* [WHAT THE TASK ASKS]: The entries below are to be reproduced in full, exactly as written.

* [DATA FOR THIS EXERCISE]:

lemma prod_GE_poly_eq_GE_cofactor_mult:
  assumes "finite A" "j \<in> A" "\<forall>i\<in>A. GE_poly m (f i)" "\<forall>i\<in>A. degree (f i) \<le> degree (f j)"
  shows "(\<Prod>i\<in>A. f i) = GE_cofactor f A (degree (f j)) * monom 1 (\<Sum>i\<in>A - {j}. degree (f i))"
proof -
  define d where "d i = degree (f i)" for i
  define g where "g i = f i - monom 1 (d i)" for i
  define e where "e = (\<Sum>i\<in>A - {j}. d i)"
  have D: "(\<Sum>i\<in>A. d i) = d j + e"
    unfolding e_def using assms(1,2) by (rule sum.remove)
  have "(\<Prod>i\<in>A. f i) = (\<Prod>i\<in>A. monom 1 (d i) + g i)"
    by (simp add: g_def)
  also have "\<dots> = monom 1 (d j + e) + (\<Sum>i\<in>A. monom 1 (d j + e - d i) * g i)"
    unfolding D[symmetric] using assms(1,3)
    by (intro prod_monom_add_coeffs_in) (auto simp: g_def d_def GE_poly_decompose)
  also have "\<dots> = (monom 1 (d j) + (\<Sum>i\<in>A. monom 1 (d j - d i) * g i)) * monom 1 e"
  proof -
    have shift: "monom 1 (d j - d i) * g i * monom 1 e = monom 1 (d j + e - d i) * g i" if "i \<in> A" for i
    proof -
      have "d j + e - d i = (d j - d i) + e"
        using assms(4) that by (simp add: d_def)
      moreover have "monom 1 (d j - d i) * g i * monom 1 e = (monom 1 (d j - d i) * monom 1 e) * g i"
        by (simp only: ac_simps)
      ultimately show ?thesis
        by (simp add: mult_monom)
    qed
    have "(monom 1 (d j) + (\<Sum>i\<in>A. monom 1 (d j - d i) * g i)) * monom 1 e =
        monom 1 (d j + e) + (\<Sum>i\<in>A. monom 1 (d j - d i) * g i * monom 1 e)"
      by (simp only: distrib_right sum_distrib_right mult_monom mult_1)
    also have "\<dots> = monom 1 (d j + e) + (\<Sum>i\<in>A. monom 1 (d j + e - d i) * g i)"
      using shift by simp
    finally show ?thesis ..
  qed
  finally show ?thesis
    by (simp only: GE_cofactor_def d_def g_def e_def)
qed


lemma coeff_0_GE_cofactor_neq_0:
  assumes "finite A" "j \<in> A" "GE_poly m (f j)" "irreducible (f j)" "degree (f j) \<ge> 2"
    and "\<forall>i\<in>A - {j}. degree (f i) < degree (f j)"
  shows "coeff (GE_cofactor f A (degree (f j))) 0 \<noteq> 0"
  using assms coeff_0_GE_cofactor[of A j f] coeff_0_neq_0_if_irreducible[of "f j"] one_not_mem
  by (simp add: GE_poly_def)

end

* [ANSWER SECTION]:
lemma prod_GE_poly_eq_GE_cofactor_mult:
  assumes "finite A" "j \<in> A" "\<forall>i\<in>A. GE_poly m (f i)" "\<forall>i\<in>A. degree (f i) \<le> degree (f j)"
  shows "(\<Prod>i\<in>A. f i) = GE_cofactor f A (degree (f j)) * monom 1 (\<Sum>i\<in>A - {j}. degree (f i))"
proof -
  define d where "d i = degree (f i)" for i
  define g where "g i = f i - monom 1 (d i)" for i
  define e where "e = (\<Sum>i\<in>A - {j}. d i)"
  have D: "(\<Sum>i\<in>A. d i) = d j + e"
    unfolding e_def using assms(1,2) by (rule sum.remove)
  have "(\<Prod>i\<in>A. f i) = (\<Prod>i\<in>A. monom 1 (d i) + g i)"
    by (simp add: g_def)
  also have "\<dots> = monom 1 (d j + e) + (\<Sum>i\<in>A. monom 1 (d j + e - d i) * g i)"
    unfolding D[symmetric] using assms(1,3)
    by (intro prod_monom_add_coeffs_in) (auto simp: g_def d_def GE_poly_decompose)
  also have "\<dots> = (monom 1 (d j) + (\<Sum>i\<in>A. monom 1 (d j - d i) * g i)) * monom 1 e"
  proof -
    have shift: "monom 1 (d j - d i) * g i * monom 1 e = monom 1 (d j + e - d i) * g i" if "i \<in> A" for i
    proof -
      have "d j + e - d i = (d j - d i) + e"
        using assms(4) that by (simp add: d_def)
      moreover have "monom 1 (d j - d i) * g i * monom 1 e = (monom 1 (d j - d i) * monom 1 e) * g i"
        by (simp only: ac_simps)
      ultimately show ?thesis
        by (simp add: mult_monom)
    qed
    have "(monom 1 (d j) + (\<Sum>i\<in>A. monom 1 (d j - d i) * g i)) * monom 1 e =
        monom 1 (d j + e) + (\<Sum>i\<in>A. monom 1 (d j - d i) * g i * monom 1 e)"
      by (simp only: distrib_right sum_distrib_right mult_monom mult_1)
    also have "\<dots> = monom 1 (d j + e) + (\<Sum>i\<in>A. monom 1 (d j + e - d i) * g i)"
      using shift by simp
    finally show ?thesis ..
  qed
  finally show ?thesis
    by (simp only: GE_cofactor_def d_def g_def e_def)
qed


lemma coeff_0_GE_cofactor_neq_0:
  assumes "finite A" "j \<in> A" "GE_poly m (f j)" "irreducible (f j)" "degree (f j) \<ge> 2"
    and "\<forall>i\<in>A - {j}. degree (f i) < degree (f j)"
  shows "coeff (GE_cofactor f A (degree (f j))) 0 \<noteq> 0"
  using assms coeff_0_GE_cofactor[of A j f] coeff_0_neq_0_if_irreducible[of "f j"] one_not_mem
  by (simp add: GE_poly_def)

end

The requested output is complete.